Life
There is another universe out there where he is with Annabeth and they are happy. Maybe they have a small apartment in the city, one with a broken radiator and age-blurred windows and floorboards that creak when they walk from room to room. It is filled with used and comfortable furniture found at flea markets, worn blankets from his childhood, books upon books on sturdy shelves that line the walls like art. Weapons rest on the same shelves as their DVDs and candles; nectar and ambrosia wait in their pantry next to cereal boxes and crackers. It is a confused mess of two worlds smashed together, and sometimes he gets overwhelmed thinking about the dual lives they try to lead, but it is theirs, all of it. It is home.
Here, Annabeth curls up on the couch with her sketchbooks and fills pages with her dreams of towering columns and gables, fountains and statues and gardens. Here, Percy leans back and flips through the channels on the television, rubbing circles into the cold soles of Annabeth's feet, kicked up into his lap.
Here, they sit on the kitchen floor at three in the morning and eat pasta from the pan, take long gulps from the same bottle of wine. They can laugh about certain things, now, talk in low voices about others—like Thalia, Bianca di Angelo, Charlie and Silena, Luke. They talk about their parents, about Olympus, about what might come next. Percy plays with the fingers on Annabeth's left hand and thinks about the ring he's stashed at the bottom of their closet. It's slim, silver, with an inlay of pearlescent coral, and he starts to sweat every time he thinks about it. Annabeth, oblivious, as far as he knows, leans over to kiss him. She takes like wine and chapstick and he can't look away.

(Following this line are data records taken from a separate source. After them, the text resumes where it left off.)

(* Let $A$ be an $M\times N$ matrix whose columns form a frame for $\mathcal{H}_M$ and let $c$ be a nonzero scalar. Then the columns of the $2M\times 2N$ matrix $$B=\begin{bmatrix}cA & cA\\ cA & -cA\end{bmatrix}$$ form a frame for $\mathcal{H}_{2M}$. Moreover, $B$ represents a tight frame if $A$ does, and $B$ represents an equal norm frame if $A$ does.
   Context: $\mathcal{H}_M$ denotes an $M$-dimensional Hilbert space, identified with $\mathbb{R}^M$ (or $\mathbb{C}^M$) via a fixed orthonormal basis. A family $\{f_i\}_{i=1}^N$ is a frame if there are $0<A\le B<\infty$ with $A\|f\|^2\le\sum_i|\langle f,f_i\rangle|^2\le B\|f\|^2$ for all $f$; tight if one can take $A=B$; equal norm if all $\|f_i\|$ are equal. A matrix represents a frame if its columns form one. *)

theory Defs
  imports Complex_Main "Jordan_Normal_Form.Matrix"
begin

text \<open>H_M is identified with complex^M (vectors of dimension M) via the standard basis.
  A matrix represents a frame if its columns form one.\<close>

definition hinner :: "complex vec \<Rightarrow> complex vec \<Rightarrow> complex" where
  "hinner f g = (\<Sum>k<dim_vec f. f $ k * cnj (g $ k))"

definition hnorm_sq :: "complex vec \<Rightarrow> real" where
  "hnorm_sq f = (\<Sum>k<dim_vec f. (cmod (f $ k))^2)"

definition frame_sum :: "complex mat \<Rightarrow> complex vec \<Rightarrow> real" where
  "frame_sum A f = (\<Sum>i<dim_col A. (cmod (hinner f (col A i)))^2)"

definition is_frame :: "complex mat \<Rightarrow> bool" where
  "is_frame A \<longleftrightarrow> (\<exists>a b. 0 < a \<and> a \<le> b \<and>
      (\<forall>f \<in> carrier_vec (dim_row A).
          a * hnorm_sq f \<le> frame_sum A f \<and> frame_sum A f \<le> b * hnorm_sq f))"

definition is_tight_frame :: "complex mat \<Rightarrow> bool" where
  "is_tight_frame A \<longleftrightarrow> (\<exists>a. 0 < a \<and>
      (\<forall>f \<in> carrier_vec (dim_row A). frame_sum A f = a * hnorm_sq f))"

definition is_equal_norm_frame :: "complex mat \<Rightarrow> bool" where
  "is_equal_norm_frame A \<longleftrightarrow> is_frame A \<and>
      (\<exists>r. \<forall>i<dim_col A. hnorm_sq (col A i) = r)"

end

theory Submission
  imports Defs
begin

text \<open>Split \<open>f\<close> of dimension \<open>2M\<close> into halves \<open>(u, v)\<close>. The inner products of \<open>f\<close> with the first
  and last \<open>N\<close> columns of \<open>B\<close> are \<open>cnj c\<close> times those of \<open>u + v\<close> and \<open>u - v\<close> with the
  columns of \<open>A\<close>, so the frame sum of \<open>B\<close> at \<open>f\<close> is \<open>|c|\<^sup>2\<close> times the sum of the frame sums
  of \<open>A\<close> at \<open>u + v\<close> and \<open>u - v\<close>. By the parallelogram law
  \<open>\<parallel>u + v\<parallel>\<^sup>2 + \<parallel>u - v\<parallel>\<^sup>2 = 2 \<parallel>f\<parallel>\<^sup>2\<close>, so frame bounds \<open>a, b\<close> of \<open>A\<close> give frame bounds
  \<open>2 |c|\<^sup>2 a, 2 |c|\<^sup>2 b\<close> of \<open>B\<close>. Every column of \<open>B\<close> is a column of \<open>A\<close> stacked on
  \<open>\<plusminus>\<close> itself and scaled by \<open>c\<close>, hence has squared norm \<open>2 |c|\<^sup>2\<close> times that column's.\<close>

definition doubled_frame_mat :: "complex \<Rightarrow> complex mat \<Rightarrow> complex mat" where
  "doubled_frame_mat c A = four_block_mat (c \<cdot>\<^sub>m A) (c \<cdot>\<^sub>m A) (c \<cdot>\<^sub>m A) (- (c \<cdot>\<^sub>m A))"

lemma sum_lessThan_add:
  "(\<Sum>k<m + (n::nat). g k) = (\<Sum>k<m. g k) + (\<Sum>k<n. g (m + k))"
  by (induction n) (simp_all add: add.assoc)

lemma hinner_add_left:
  assumes "u \<in> carrier_vec n" "v \<in> carrier_vec n"
  shows "hinner (u + v) x = hinner u x + hinner v x"
  using assms unfolding hinner_def by (simp add: sum.distrib[symmetric] algebra_simps)

lemma hinner_minus_left:
  assumes "u \<in> carrier_vec n" "v \<in> carrier_vec n"
  shows "hinner (u - v) x = hinner u x - hinner v x"
  using assms unfolding hinner_def by (simp add: sum_subtractf[symmetric] algebra_simps)

lemma hinner_smult_right:
  assumes "dim_vec x = dim_vec f"
  shows "hinner f (c \<cdot>\<^sub>v x) = cnj c * hinner f x"
  using assms unfolding hinner_def by (simp add: sum_distrib_left algebra_simps)

lemma hinner_uminus_right:
  assumes "dim_vec x = dim_vec f"
  shows "hinner f (- x) = - hinner f x"
  using assms unfolding hinner_def by (simp add: sum_negf[symmetric])

lemma hinner_append_right:
  assumes "f \<in> carrier_vec (m + n)" "x \<in> carrier_vec m" "y \<in> carrier_vec n"
  shows "hinner f (x @\<^sub>v y) = hinner (vec_first f m) x + hinner (vec_last f n) y"
  using assms unfolding hinner_def vec_first_def vec_last_def
  by (simp add: sum_lessThan_add)

lemma hnorm_sq_append:
  assumes "x \<in> carrier_vec m" "y \<in> carrier_vec n"
  shows "hnorm_sq (x @\<^sub>v y) = hnorm_sq x + hnorm_sq y"
  using assms unfolding hnorm_sq_def by (simp add: sum_lessThan_add)

lemma hnorm_sq_smult: "hnorm_sq (c \<cdot>\<^sub>v x) = (cmod c)\<^sup>2 * hnorm_sq x"
  unfolding hnorm_sq_def by (simp add: norm_mult power_mult_distrib sum_distrib_left)

lemma hnorm_sq_uminus: "hnorm_sq (- x) = hnorm_sq x"
  unfolding hnorm_sq_def by simp

lemma cmod_parallelogram:
  "(cmod (x + y))\<^sup>2 + (cmod (x - y))\<^sup>2 = 2 * ((cmod x)\<^sup>2 + (cmod y)\<^sup>2)"
  by (simp only: cmod_power2) (simp add: power2_eq_square algebra_simps)

lemma hnorm_sq_parallelogram:
  assumes "u \<in> carrier_vec n" "v \<in> carrier_vec n"
  shows "hnorm_sq (u + v) + hnorm_sq (u - v) = 2 * (hnorm_sq u + hnorm_sq v)"
  using assms unfolding hnorm_sq_def
  by (simp add: sum.distrib[symmetric] sum_distrib_left cmod_parallelogram)

lemma doubled_frame_mat_carrier:
  "A \<in> carrier_mat M N \<Longrightarrow> doubled_frame_mat c A \<in> carrier_mat (2 * M) (2 * N)"
  unfolding doubled_frame_mat_def by auto

lemma col_doubled_frame_mat:
  assumes A: "A \<in> carrier_mat M N" and j: "j < N"
  shows "col (doubled_frame_mat c A) j = c \<cdot>\<^sub>v col A j @\<^sub>v c \<cdot>\<^sub>v col A j"
    and "col (doubled_frame_mat c A) (N + j) = c \<cdot>\<^sub>v col A j @\<^sub>v - (c \<cdot>\<^sub>v col A j)"
proof -
  have blocks: "c \<cdot>\<^sub>m A \<in> carrier_mat M N" "- (c \<cdot>\<^sub>m A) \<in> carrier_mat M N"
    using A by auto
  note col = col_four_block_mat[OF blocks(1) blocks(1) blocks(1) blocks(2)]
  show "col (doubled_frame_mat c A) j = c \<cdot>\<^sub>v col A j @\<^sub>v c \<cdot>\<^sub>v col A j"
    using col(1) A j by (simp add: doubled_frame_mat_def)
  show "col (doubled_frame_mat c A) (N + j) = c \<cdot>\<^sub>v col A j @\<^sub>v - (c \<cdot>\<^sub>v col A j)"
    using col(2)[of "N + j"] A j by (simp add: doubled_frame_mat_def)
qed

lemma frame_sum_doubled_frame_mat:
  assumes A: "A \<in> carrier_mat M N" and f: "f \<in> carrier_vec (M + M)"
  defines "u \<equiv> vec_first f M" and "v \<equiv> vec_last f M"
  shows "frame_sum (doubled_frame_mat c A) f
           = (cmod c)\<^sup>2 * (frame_sum A (u + v) + frame_sum A (u - v))"
proof -
  have uv: "u \<in> carrier_vec M" "v \<in> carrier_vec M"
    unfolding u_def v_def by simp_all
  have colA: "c \<cdot>\<^sub>v col A j \<in> carrier_vec M" "- (c \<cdot>\<^sub>v col A j) \<in> carrier_vec M" for j
    using A by auto
  have sum_col: "hinner f (col (doubled_frame_mat c A) j) = cnj c * hinner (u + v) (col A j)"
    and diff_col: "hinner f (col (doubled_frame_mat c A) (N + j)) = cnj c * hinner (u - v) (col A j)"
    if "j < N" for j
    using that A uv
    by (simp_all add: col_doubled_frame_mat hinner_append_right[OF f colA(1)]
        hinner_append_right[OF f colA(1) colA(2)] hinner_add_left[OF uv]
        hinner_minus_left[OF uv] hinner_smult_right hinner_uminus_right
        flip: u_def v_def, simp_all add: algebra_simps)
  have dim: "dim_col (doubled_frame_mat c A) = N + N"
    using doubled_frame_mat_carrier[OF A, of c] by simp
  show ?thesis
    unfolding frame_sum_def dim sum_lessThan_add using A
    by (simp add: sum_col diff_col norm_mult power_mult_distrib sum_distrib_left distrib_left)
qed

lemma hnorm_sq_sum_diff_halves:
  assumes f: "f \<in> carrier_vec (M + M)"
  shows "hnorm_sq (vec_first f M + vec_last f M) + hnorm_sq (vec_first f M - vec_last f M)
           = 2 * hnorm_sq f"
proof -
  have "hnorm_sq f = hnorm_sq (vec_first f M @\<^sub>v vec_last f M)"
    using f by simp
  then show ?thesis
    by (simp add: hnorm_sq_parallelogram[OF vec_first_carrier vec_last_carrier]
        hnorm_sq_append[OF vec_first_carrier vec_last_carrier])
qed

lemma frame_sum_doubled_frame_matE:
  assumes A: "A \<in> carrier_mat M N" and f: "f \<in> carrier_vec (dim_row (doubled_frame_mat c A))"
  obtains u v where "u \<in> carrier_vec (dim_row A)" "v \<in> carrier_vec (dim_row A)"
    and "frame_sum (doubled_frame_mat c A) f = (cmod c)\<^sup>2 * (frame_sum A u + frame_sum A v)"
    and "hnorm_sq u + hnorm_sq v = 2 * hnorm_sq f"
proof
  have f': "f \<in> carrier_vec (M + M)"
    using f doubled_frame_mat_carrier[OF A, of c] by (simp add: mult_2)
  show "vec_first f M + vec_last f M \<in> carrier_vec (dim_row A)"
    and "vec_first f M - vec_last f M \<in> carrier_vec (dim_row A)"
    using A by auto
  show "frame_sum (doubled_frame_mat c A) f = (cmod c)\<^sup>2 *
      (frame_sum A (vec_first f M + vec_last f M) + frame_sum A (vec_first f M - vec_last f M))"
    using frame_sum_doubled_frame_mat[OF A f'] .
  show "hnorm_sq (vec_first f M + vec_last f M) + hnorm_sq (vec_first f M - vec_last f M)
      = 2 * hnorm_sq f"
    using hnorm_sq_sum_diff_halves[OF f'] .
qed

lemma is_frame_doubled_frame_mat:
  assumes A: "A \<in> carrier_mat M N" and frame: "is_frame A" and "c \<noteq> 0"
  shows "is_frame (doubled_frame_mat c A)"
proof -
  obtain a b where ab: "0 < a" "a \<le> b" and bounds:
    "\<And>g. g \<in> carrier_vec (dim_row A) \<Longrightarrow> a * hnorm_sq g \<le> frame_sum A g \<and> frame_sum A g \<le> b * hnorm_sq g"
    using frame unfolding is_frame_def by blast
  have c: "0 < (cmod c)\<^sup>2" using \<open>c \<noteq> 0\<close> by simp
  show ?thesis
    unfolding is_frame_def
  proof (intro exI conjI ballI)
    show "0 < 2 * (cmod c)\<^sup>2 * a" "2 * (cmod c)\<^sup>2 * a \<le> 2 * (cmod c)\<^sup>2 * b"
      using ab c by simp_all
  next
    fix f :: "complex vec" assume "f \<in> carrier_vec (dim_row (doubled_frame_mat c A))"
    then obtain u v where uv: "u \<in> carrier_vec (dim_row A)" "v \<in> carrier_vec (dim_row A)"
      and sum: "frame_sum (doubled_frame_mat c A) f = (cmod c)\<^sup>2 * (frame_sum A u + frame_sum A v)"
      and norm: "hnorm_sq u + hnorm_sq v = 2 * hnorm_sq f"
      by (rule frame_sum_doubled_frame_matE[OF A])
    have lower: "a * (2 * hnorm_sq f) \<le> frame_sum A u + frame_sum A v"
      and upper: "frame_sum A u + frame_sum A v \<le> b * (2 * hnorm_sq f)"
      using bounds[OF uv(1)] bounds[OF uv(2)] unfolding norm[symmetric] by (simp_all add: distrib_left)
    show "2 * (cmod c)\<^sup>2 * a * hnorm_sq f \<le> frame_sum (doubled_frame_mat c A) f"
      using mult_left_mono[OF lower, of "(cmod c)\<^sup>2"] c unfolding sum by (simp add: algebra_simps)
    show "frame_sum (doubled_frame_mat c A) f \<le> 2 * (cmod c)\<^sup>2 * b * hnorm_sq f"
      using mult_left_mono[OF upper, of "(cmod c)\<^sup>2"] c unfolding sum by (simp add: algebra_simps)
  qed
qed

lemma is_tight_frame_doubled_frame_mat:
  assumes A: "A \<in> carrier_mat M N" and tight: "is_tight_frame A" and "c \<noteq> 0"
  shows "is_tight_frame (doubled_frame_mat c A)"
proof -
  obtain a where "0 < a" and bound: "\<And>g. g \<in> carrier_vec (dim_row A) \<Longrightarrow> frame_sum A g = a * hnorm_sq g"
    using tight unfolding is_tight_frame_def by blast
  show ?thesis
    unfolding is_tight_frame_def
  proof (intro exI conjI ballI)
    show "0 < 2 * (cmod c)\<^sup>2 * a" using \<open>0 < a\<close> \<open>c \<noteq> 0\<close> by simp
  next
    fix f :: "complex vec" assume "f \<in> carrier_vec (dim_row (doubled_frame_mat c A))"
    then obtain u v where uv: "u \<in> carrier_vec (dim_row A)" "v \<in> carrier_vec (dim_row A)"
      and sum: "frame_sum (doubled_frame_mat c A) f = (cmod c)\<^sup>2 * (frame_sum A u + frame_sum A v)"
      and norm: "hnorm_sq u + hnorm_sq v = 2 * hnorm_sq f"
      by (rule frame_sum_doubled_frame_matE[OF A])
    show "frame_sum (doubled_frame_mat c A) f = 2 * (cmod c)\<^sup>2 * a * hnorm_sq f"
      unfolding sum bound[OF uv(1)] bound[OF uv(2)] distrib_left[symmetric] norm
      by (simp add: algebra_simps)
  qed
qed

lemma hnorm_sq_col_doubled_frame_mat:
  assumes A: "A \<in> carrier_mat M N" and j: "j < N"
  shows "hnorm_sq (col (doubled_frame_mat c A) j) = 2 * (cmod c)\<^sup>2 * hnorm_sq (col A j)"
    and "hnorm_sq (col (doubled_frame_mat c A) (N + j)) = 2 * (cmod c)\<^sup>2 * hnorm_sq (col A j)"
proof -
  have colA: "c \<cdot>\<^sub>v col A j \<in> carrier_vec M" "- (c \<cdot>\<^sub>v col A j) \<in> carrier_vec M"
    using A by auto
  show "hnorm_sq (col (doubled_frame_mat c A) j) = 2 * (cmod c)\<^sup>2 * hnorm_sq (col A j)"
    "hnorm_sq (col (doubled_frame_mat c A) (N + j)) = 2 * (cmod c)\<^sup>2 * hnorm_sq (col A j)"
    using A j by (simp_all add: col_doubled_frame_mat hnorm_sq_append[OF colA(1) colA(1)]
        hnorm_sq_append[OF colA] hnorm_sq_uminus hnorm_sq_smult)
qed

lemma is_equal_norm_frame_doubled_frame_mat:
  assumes A: "A \<in> carrier_mat M N" and equal_norm: "is_equal_norm_frame A" and "c \<noteq> 0"
  shows "is_equal_norm_frame (doubled_frame_mat c A)"
proof -
  obtain r where r: "\<And>i. i < N \<Longrightarrow> hnorm_sq (col A i) = r"
    using equal_norm A unfolding is_equal_norm_frame_def by auto
  have "hnorm_sq (col (doubled_frame_mat c A) j) = 2 * (cmod c)\<^sup>2 * r"
    if "j < dim_col (doubled_frame_mat c A)" for j
  proof (cases "j < N")
    case True
    then show ?thesis using hnorm_sq_col_doubled_frame_mat(1)[OF A] r by simp
  next
    case False
    then have "j - N < N" "j = N + (j - N)"
      using that doubled_frame_mat_carrier[OF A, of c] by auto
    then show ?thesis using hnorm_sq_col_doubled_frame_mat(2)[OF A] r by metis
  qed
  then show ?thesis
    using is_frame_doubled_frame_mat[OF A _ \<open>c \<noteq> 0\<close>] equal_norm
    unfolding is_equal_norm_frame_def by blast
qed

theorem proposition3p3:
  fixes A :: "complex mat" and c :: complex and M N :: nat
  assumes "A \<in> carrier_mat M N" and "is_frame A" and "c \<noteq> 0"
  defines "B \<equiv> four_block_mat (c \<cdot>\<^sub>m A) (c \<cdot>\<^sub>m A) (c \<cdot>\<^sub>m A) (- (c \<cdot>\<^sub>m A))"
  shows "B \<in> carrier_mat (2 * M) (2 * N) \<and> is_frame B
     \<and> (is_tight_frame A \<longrightarrow> is_tight_frame B)
     \<and> (is_equal_norm_frame A \<longrightarrow> is_equal_norm_frame B)"
proof -
  have B: "B = doubled_frame_mat c A"
    unfolding B_def doubled_frame_mat_def ..
  show ?thesis
    unfolding B using assms(1-3)
    by (simp add: doubled_frame_mat_carrier is_frame_doubled_frame_mat
        is_tight_frame_doubled_frame_mat is_equal_norm_frame_doubled_frame_mat)
qed

end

Here, they sleep in until noon and shower until the water runs cold. Here, they come back from quests scratched and bleeding and exhausted, patch their wounds, fall into bed and fall into each other until the night is impossible to resist. They get take-out and invite Grover and Clarisse and Will over, try to keep the Stoll twins from breaking everything they own, hope that Rachel doesn't succumb to any prophecies that might throw their lives into more chaos.
Here, they build something they hadn't known possible. They still search for new demigods, visit camp, take occasional trips to Olympus, and fight monsters on the way to dinner, but these things gradually become parts of their everyday lives, their new normal.

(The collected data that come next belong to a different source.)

text \<open>A complex unital Banach algebra: a real unital Banach algebra equipped with
a compatible complex scalar multiplication (the library has no complex algebra class).\<close>

class complex_banach_algebra_1 = banach + real_normed_algebra_1 +
  fixes scaleC :: "complex \<Rightarrow> 'a \<Rightarrow> 'a"
  assumes scaleC_of_real: "scaleC (complex_of_real r) x = scaleR r x"
    and scaleC_add_right: "scaleC c (x + y) = scaleC c x + scaleC c y"
    and scaleC_add_left: "scaleC (c + d) x = scaleC c x + scaleC d x"
    and scaleC_scaleC: "scaleC c (scaleC d x) = scaleC (c * d) x"
    and scaleC_one: "scaleC 1 x = x"
    and norm_scaleC: "norm (scaleC c x) = cmod c * norm x"
    and mult_scaleC_left: "scaleC c x * y = scaleC c (x * y)"
    and mult_scaleC_right: "x * scaleC c y = scaleC c (x * y)"

definition invertible_elem :: "'a::ring_1 \<Rightarrow> bool" where
  "invertible_elem a \<longleftrightarrow> (\<exists>b. a * b = 1 \<and> b * a = 1)"

definition spectrum :: "'a::complex_banach_algebra_1 \<Rightarrow> complex set" where
  "spectrum a = {z. \<not> invertible_elem (a - scaleC z 1)}"

definition qnil :: "'a::complex_banach_algebra_1 set" where
  "qnil = {a. spectrum a = {0}}"

definition gpi_hirano_inverse :: "'a::complex_banach_algebra_1 \<Rightarrow> 'a \<Rightarrow> bool" where
  "gpi_hirano_inverse a x \<longleftrightarrow>
     x * a * x = x \<and> a * x = x * a \<and> (\<exists>n>0. a - a ^ (n + 2) * x \<in> qnil)"

end

theory Submission
  imports Defs "HOL-Computational_Algebra.Fundamental_Theorem_Algebra"
begin

text \<open>Write p = a x. Under x a x = x and x a = a x, p is an idempotent commuting with a, and
for non-constant polynomials f, g the element f(a) (1 - p) + g(a) p has spectrum
f(\<sigma>(1 - p, a)) \<union> g(\<sigma>(p, a)), where \<sigma>(e, a) is the spectrum of a in the corner algebra e A e.
This is a purely algebraic spectral mapping theorem: factor the polynomial into linear factors
over \<complex>. Since x is the inverse of a in p A p, 0 \<notin> \<sigma>(p, a). Now
a^n - a^(k+1) x = a^n (1 - p) + (a^n - a^k) p is quasinilpotent iff \<sigma>(1 - p, a) \<subseteq> {0},
t^n = t^k on \<sigma>(p, a), and the two corner spectra are not both empty; as t \<noteq> 0 on \<sigma>(p, a),
the middle condition only depends on the gap |n - k|. Each of the three conditions of the
theorem is this statement for a suitable gap.\<close>

lemma invertible_elem_iff_left_right:
  "invertible_elem (y::'a::ring_1) \<longleftrightarrow> (\<exists>r. y * r = 1) \<and> (\<exists>l. l * y = 1)"
proof -
  have "l = r" if "y * r = 1" "l * y = 1" for l r
    using that by (metis mult.assoc mult_1_left mult_1_right)
  then show ?thesis unfolding invertible_elem_def by blast
qed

There exists this other universe, somewhere, where he is with Annabeth and they are happy. Percy does not know what this place is like, but as he and Annabeth fall through open darkness, Tartarus waiting to catch them somewhere far below, he feels this other life press an ache against his chest. He misses it. He misses the warmth of their place in the summer, the slick slide of Annabeth's skin against his as they lie in bed, the way her candles light a fire in her eyes and make the rooms smell like vanilla and sugar.
He misses a place he has never been, a life he has never lived, but he is here, with her. They are together. And wherever they are headed, that will have to be enough.